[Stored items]
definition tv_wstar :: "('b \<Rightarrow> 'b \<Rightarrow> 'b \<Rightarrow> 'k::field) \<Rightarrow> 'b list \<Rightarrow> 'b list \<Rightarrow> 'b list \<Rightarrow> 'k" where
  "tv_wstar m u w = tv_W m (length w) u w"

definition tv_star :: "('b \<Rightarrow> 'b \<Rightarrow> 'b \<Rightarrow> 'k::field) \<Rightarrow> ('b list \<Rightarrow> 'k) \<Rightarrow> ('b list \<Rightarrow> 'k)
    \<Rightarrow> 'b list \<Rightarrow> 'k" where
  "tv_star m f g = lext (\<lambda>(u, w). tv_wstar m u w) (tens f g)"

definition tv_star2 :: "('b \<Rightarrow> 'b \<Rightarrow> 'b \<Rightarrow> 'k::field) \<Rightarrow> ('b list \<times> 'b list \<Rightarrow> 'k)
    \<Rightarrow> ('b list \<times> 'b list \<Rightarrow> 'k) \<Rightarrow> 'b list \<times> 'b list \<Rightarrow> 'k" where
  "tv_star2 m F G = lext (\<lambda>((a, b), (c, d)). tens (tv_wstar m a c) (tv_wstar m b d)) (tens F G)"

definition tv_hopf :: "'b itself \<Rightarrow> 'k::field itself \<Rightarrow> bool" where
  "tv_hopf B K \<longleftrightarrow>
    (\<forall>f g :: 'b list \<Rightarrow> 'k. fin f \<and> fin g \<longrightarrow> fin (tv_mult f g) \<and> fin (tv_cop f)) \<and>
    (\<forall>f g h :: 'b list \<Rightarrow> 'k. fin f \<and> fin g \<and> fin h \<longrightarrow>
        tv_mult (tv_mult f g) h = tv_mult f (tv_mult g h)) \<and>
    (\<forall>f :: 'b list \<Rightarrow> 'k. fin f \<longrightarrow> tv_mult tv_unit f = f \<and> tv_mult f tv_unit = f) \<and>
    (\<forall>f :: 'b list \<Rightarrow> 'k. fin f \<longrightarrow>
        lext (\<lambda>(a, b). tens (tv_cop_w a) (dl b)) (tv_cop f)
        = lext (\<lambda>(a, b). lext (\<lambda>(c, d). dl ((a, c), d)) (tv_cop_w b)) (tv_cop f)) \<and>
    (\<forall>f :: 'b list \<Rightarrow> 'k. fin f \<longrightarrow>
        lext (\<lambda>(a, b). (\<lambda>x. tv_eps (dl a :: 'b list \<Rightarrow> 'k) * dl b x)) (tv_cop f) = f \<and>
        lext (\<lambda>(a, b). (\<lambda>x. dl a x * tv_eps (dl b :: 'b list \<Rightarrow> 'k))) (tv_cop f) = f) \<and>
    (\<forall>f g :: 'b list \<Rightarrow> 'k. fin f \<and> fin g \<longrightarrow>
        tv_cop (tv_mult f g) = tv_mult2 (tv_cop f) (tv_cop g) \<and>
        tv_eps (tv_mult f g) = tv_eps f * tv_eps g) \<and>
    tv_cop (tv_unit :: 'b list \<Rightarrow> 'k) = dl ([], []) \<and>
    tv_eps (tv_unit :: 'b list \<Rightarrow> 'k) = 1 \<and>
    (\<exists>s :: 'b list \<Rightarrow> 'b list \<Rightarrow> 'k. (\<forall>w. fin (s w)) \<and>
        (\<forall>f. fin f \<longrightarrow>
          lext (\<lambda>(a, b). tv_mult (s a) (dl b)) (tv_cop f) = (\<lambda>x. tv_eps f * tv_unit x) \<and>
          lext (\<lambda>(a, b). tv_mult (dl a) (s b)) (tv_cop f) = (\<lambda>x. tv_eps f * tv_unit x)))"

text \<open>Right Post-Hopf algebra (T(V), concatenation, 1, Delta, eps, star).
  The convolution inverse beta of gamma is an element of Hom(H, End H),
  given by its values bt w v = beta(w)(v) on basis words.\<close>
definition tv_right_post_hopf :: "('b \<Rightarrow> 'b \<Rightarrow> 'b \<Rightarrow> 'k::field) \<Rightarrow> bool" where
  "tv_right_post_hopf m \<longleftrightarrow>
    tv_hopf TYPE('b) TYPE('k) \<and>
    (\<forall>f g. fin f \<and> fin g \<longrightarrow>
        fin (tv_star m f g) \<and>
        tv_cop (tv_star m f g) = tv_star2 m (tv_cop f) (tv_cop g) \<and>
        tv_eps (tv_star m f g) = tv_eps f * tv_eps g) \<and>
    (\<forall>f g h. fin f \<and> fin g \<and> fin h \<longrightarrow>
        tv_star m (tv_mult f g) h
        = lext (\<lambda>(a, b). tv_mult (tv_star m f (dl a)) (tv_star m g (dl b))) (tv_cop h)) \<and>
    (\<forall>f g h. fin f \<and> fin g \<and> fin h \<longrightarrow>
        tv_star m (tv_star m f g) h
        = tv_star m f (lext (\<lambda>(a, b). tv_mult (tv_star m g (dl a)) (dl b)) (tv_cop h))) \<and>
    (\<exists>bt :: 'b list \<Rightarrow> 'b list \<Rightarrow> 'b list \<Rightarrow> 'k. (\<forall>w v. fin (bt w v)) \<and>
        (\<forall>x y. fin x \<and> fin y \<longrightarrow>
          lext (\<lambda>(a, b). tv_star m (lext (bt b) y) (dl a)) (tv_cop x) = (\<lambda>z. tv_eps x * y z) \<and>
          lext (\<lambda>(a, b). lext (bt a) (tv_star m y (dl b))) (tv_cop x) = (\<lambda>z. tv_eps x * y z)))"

__Required action__
In the records above, find each line that mentions the string "beta", then copy it.

__Your response__
  The convolution inverse beta of gamma is an element of Hom(H, End H),
  given by its values bt w v = beta(w)(v) on basis words.\<close>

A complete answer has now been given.